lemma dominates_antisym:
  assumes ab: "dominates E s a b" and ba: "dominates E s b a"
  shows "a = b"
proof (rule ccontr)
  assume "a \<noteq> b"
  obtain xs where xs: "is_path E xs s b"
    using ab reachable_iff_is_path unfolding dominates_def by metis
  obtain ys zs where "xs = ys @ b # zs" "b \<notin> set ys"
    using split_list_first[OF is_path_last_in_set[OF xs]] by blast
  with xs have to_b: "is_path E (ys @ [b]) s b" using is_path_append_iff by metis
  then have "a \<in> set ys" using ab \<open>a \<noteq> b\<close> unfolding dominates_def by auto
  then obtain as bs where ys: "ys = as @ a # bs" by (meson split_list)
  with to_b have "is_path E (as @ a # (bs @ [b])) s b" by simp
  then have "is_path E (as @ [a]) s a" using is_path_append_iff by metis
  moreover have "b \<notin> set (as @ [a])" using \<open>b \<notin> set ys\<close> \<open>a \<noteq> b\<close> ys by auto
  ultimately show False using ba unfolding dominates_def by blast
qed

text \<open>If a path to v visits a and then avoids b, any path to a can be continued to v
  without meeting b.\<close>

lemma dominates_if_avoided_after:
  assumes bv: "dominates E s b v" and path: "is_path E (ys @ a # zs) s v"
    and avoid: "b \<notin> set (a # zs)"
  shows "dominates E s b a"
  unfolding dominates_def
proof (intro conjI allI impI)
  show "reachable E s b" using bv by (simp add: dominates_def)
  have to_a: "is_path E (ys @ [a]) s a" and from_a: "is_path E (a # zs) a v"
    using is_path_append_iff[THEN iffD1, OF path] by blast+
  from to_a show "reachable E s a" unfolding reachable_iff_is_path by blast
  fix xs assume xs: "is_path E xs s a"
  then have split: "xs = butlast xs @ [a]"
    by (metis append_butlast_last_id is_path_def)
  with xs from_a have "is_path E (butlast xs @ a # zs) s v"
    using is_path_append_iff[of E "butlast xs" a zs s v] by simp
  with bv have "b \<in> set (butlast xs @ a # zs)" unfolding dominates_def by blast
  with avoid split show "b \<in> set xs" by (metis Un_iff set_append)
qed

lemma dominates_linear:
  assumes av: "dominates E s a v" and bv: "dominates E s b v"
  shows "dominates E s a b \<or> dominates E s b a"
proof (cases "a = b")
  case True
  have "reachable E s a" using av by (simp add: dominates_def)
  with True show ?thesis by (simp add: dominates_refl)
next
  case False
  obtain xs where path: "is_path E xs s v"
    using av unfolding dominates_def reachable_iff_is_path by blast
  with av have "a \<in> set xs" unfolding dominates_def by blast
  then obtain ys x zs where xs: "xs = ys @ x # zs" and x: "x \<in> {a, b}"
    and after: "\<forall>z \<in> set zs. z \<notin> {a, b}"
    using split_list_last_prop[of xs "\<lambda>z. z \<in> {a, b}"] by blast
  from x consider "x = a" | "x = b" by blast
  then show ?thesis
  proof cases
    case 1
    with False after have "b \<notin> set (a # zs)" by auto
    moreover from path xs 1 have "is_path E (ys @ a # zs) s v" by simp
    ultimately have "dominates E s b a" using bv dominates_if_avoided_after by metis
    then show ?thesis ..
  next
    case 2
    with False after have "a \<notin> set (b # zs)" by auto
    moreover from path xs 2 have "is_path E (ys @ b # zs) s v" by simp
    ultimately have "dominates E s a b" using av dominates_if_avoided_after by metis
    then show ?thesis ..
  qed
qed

____

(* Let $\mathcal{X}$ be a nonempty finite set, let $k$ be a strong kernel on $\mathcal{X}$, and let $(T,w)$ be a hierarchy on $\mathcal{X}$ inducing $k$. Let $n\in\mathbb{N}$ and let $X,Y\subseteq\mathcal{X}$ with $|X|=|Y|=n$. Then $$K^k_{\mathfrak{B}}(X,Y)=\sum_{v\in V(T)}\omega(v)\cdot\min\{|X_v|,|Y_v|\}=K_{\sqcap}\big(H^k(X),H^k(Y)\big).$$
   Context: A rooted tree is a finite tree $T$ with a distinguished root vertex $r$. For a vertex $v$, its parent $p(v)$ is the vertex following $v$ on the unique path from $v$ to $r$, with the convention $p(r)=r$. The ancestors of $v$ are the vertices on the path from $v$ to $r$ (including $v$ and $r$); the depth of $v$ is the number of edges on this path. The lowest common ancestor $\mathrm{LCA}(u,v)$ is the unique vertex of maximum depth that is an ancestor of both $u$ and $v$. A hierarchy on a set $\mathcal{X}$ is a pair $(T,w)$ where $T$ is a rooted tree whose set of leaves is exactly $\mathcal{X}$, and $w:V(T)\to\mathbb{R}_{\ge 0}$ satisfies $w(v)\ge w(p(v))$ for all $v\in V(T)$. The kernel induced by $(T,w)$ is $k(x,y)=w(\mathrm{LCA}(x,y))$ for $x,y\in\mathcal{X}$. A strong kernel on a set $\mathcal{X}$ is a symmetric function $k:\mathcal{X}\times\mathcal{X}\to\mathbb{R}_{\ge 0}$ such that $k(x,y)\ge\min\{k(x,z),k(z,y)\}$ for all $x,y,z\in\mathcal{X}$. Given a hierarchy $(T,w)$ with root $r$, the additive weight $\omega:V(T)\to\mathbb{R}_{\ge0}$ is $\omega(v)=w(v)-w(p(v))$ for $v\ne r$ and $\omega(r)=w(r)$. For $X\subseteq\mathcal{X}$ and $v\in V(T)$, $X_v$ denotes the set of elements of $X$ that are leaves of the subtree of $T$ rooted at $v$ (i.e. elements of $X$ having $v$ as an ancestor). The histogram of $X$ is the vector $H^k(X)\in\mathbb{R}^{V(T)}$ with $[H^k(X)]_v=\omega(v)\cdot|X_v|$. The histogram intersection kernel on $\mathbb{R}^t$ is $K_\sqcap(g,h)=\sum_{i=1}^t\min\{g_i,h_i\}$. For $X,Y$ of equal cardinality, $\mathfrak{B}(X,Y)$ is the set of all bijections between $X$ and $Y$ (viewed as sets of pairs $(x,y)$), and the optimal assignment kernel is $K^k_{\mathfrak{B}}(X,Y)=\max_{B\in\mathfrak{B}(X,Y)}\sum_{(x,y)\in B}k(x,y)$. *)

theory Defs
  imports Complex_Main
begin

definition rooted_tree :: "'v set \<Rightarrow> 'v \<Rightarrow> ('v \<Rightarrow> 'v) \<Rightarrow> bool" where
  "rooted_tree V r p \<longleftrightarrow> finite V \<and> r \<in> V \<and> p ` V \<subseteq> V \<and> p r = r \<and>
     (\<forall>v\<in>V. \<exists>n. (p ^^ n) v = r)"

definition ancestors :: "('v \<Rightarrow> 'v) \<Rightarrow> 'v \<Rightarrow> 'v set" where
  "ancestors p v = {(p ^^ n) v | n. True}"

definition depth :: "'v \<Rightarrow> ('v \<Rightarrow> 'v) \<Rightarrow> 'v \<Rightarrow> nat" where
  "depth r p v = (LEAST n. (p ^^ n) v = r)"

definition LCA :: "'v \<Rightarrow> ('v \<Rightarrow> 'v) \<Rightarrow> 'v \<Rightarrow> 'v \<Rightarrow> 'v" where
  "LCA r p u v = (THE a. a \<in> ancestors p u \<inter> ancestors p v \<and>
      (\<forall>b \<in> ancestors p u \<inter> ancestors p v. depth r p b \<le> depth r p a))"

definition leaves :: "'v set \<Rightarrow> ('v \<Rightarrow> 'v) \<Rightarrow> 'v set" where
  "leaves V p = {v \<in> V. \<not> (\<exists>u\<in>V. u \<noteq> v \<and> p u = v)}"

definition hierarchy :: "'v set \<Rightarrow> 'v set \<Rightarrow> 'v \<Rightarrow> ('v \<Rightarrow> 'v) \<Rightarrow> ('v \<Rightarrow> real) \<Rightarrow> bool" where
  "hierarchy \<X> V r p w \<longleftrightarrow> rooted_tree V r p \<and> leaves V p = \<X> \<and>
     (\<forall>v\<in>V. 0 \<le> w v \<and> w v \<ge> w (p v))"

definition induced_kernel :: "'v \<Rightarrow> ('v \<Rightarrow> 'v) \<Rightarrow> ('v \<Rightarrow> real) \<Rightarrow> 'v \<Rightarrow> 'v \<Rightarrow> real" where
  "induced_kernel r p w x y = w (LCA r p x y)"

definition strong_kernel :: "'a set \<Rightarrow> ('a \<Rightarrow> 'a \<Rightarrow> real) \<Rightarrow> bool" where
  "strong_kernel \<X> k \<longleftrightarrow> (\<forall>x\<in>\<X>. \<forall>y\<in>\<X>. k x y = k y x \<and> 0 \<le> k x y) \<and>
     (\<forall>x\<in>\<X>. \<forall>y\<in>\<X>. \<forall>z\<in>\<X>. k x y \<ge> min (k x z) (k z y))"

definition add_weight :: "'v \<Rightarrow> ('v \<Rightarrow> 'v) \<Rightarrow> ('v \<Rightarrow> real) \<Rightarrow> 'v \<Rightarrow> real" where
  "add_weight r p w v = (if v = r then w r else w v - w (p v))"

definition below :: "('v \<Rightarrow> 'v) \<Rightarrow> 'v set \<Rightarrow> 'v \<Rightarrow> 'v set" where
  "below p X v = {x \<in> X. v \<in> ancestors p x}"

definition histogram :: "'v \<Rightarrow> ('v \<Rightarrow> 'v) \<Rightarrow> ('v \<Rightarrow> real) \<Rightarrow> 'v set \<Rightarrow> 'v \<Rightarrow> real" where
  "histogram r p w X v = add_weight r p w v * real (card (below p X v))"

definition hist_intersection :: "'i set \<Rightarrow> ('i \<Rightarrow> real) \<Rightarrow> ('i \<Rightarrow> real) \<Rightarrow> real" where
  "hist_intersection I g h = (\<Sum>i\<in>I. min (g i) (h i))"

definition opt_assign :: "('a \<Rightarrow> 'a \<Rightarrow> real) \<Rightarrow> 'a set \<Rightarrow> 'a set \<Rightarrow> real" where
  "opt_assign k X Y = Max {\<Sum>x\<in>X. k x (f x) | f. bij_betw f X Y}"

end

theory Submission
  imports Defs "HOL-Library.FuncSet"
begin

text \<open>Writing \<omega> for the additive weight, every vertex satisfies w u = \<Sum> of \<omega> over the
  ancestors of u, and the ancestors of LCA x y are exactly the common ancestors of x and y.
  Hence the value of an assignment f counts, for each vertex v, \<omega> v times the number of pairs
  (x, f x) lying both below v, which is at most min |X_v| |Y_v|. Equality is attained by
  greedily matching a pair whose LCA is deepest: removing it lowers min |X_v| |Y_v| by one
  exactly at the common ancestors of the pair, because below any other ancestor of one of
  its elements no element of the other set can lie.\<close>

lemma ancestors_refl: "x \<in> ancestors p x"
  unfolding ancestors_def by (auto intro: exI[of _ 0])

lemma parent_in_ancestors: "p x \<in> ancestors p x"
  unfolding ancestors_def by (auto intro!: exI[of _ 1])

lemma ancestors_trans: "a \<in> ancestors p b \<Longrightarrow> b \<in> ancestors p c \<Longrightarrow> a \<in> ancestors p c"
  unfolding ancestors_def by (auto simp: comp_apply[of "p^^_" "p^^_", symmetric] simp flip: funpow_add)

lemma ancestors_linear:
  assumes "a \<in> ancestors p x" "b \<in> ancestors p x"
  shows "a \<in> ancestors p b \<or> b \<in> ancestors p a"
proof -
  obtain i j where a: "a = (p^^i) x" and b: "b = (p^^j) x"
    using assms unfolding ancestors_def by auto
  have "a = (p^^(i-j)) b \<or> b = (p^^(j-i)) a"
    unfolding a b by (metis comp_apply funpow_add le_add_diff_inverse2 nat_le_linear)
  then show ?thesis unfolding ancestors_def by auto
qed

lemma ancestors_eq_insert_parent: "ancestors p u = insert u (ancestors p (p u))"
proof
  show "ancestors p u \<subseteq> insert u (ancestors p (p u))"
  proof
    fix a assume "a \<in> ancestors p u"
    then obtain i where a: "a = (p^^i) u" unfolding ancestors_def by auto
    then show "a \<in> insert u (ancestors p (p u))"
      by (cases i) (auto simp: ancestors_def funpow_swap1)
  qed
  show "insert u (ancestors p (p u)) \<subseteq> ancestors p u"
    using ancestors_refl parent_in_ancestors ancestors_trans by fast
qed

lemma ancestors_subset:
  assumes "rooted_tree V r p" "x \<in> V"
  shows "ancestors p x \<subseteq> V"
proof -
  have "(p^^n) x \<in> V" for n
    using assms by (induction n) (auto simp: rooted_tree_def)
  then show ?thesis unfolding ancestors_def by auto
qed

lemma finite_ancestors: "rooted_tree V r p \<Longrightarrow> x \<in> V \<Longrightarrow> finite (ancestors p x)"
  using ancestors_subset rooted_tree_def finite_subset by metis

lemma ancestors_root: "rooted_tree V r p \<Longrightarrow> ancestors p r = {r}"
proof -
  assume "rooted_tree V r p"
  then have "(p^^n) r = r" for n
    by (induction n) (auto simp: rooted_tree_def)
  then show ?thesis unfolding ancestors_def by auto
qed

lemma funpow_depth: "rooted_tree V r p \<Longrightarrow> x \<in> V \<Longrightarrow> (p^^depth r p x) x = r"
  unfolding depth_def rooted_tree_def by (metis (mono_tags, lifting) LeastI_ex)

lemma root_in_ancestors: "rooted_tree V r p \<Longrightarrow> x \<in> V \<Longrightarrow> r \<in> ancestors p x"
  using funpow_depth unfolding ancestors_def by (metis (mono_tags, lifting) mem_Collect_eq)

____

Return all lines above that mention the word "induction".

    using assms by (induction n) (auto simp: rooted_tree_def)
    by (induction n) (auto simp: rooted_tree_def)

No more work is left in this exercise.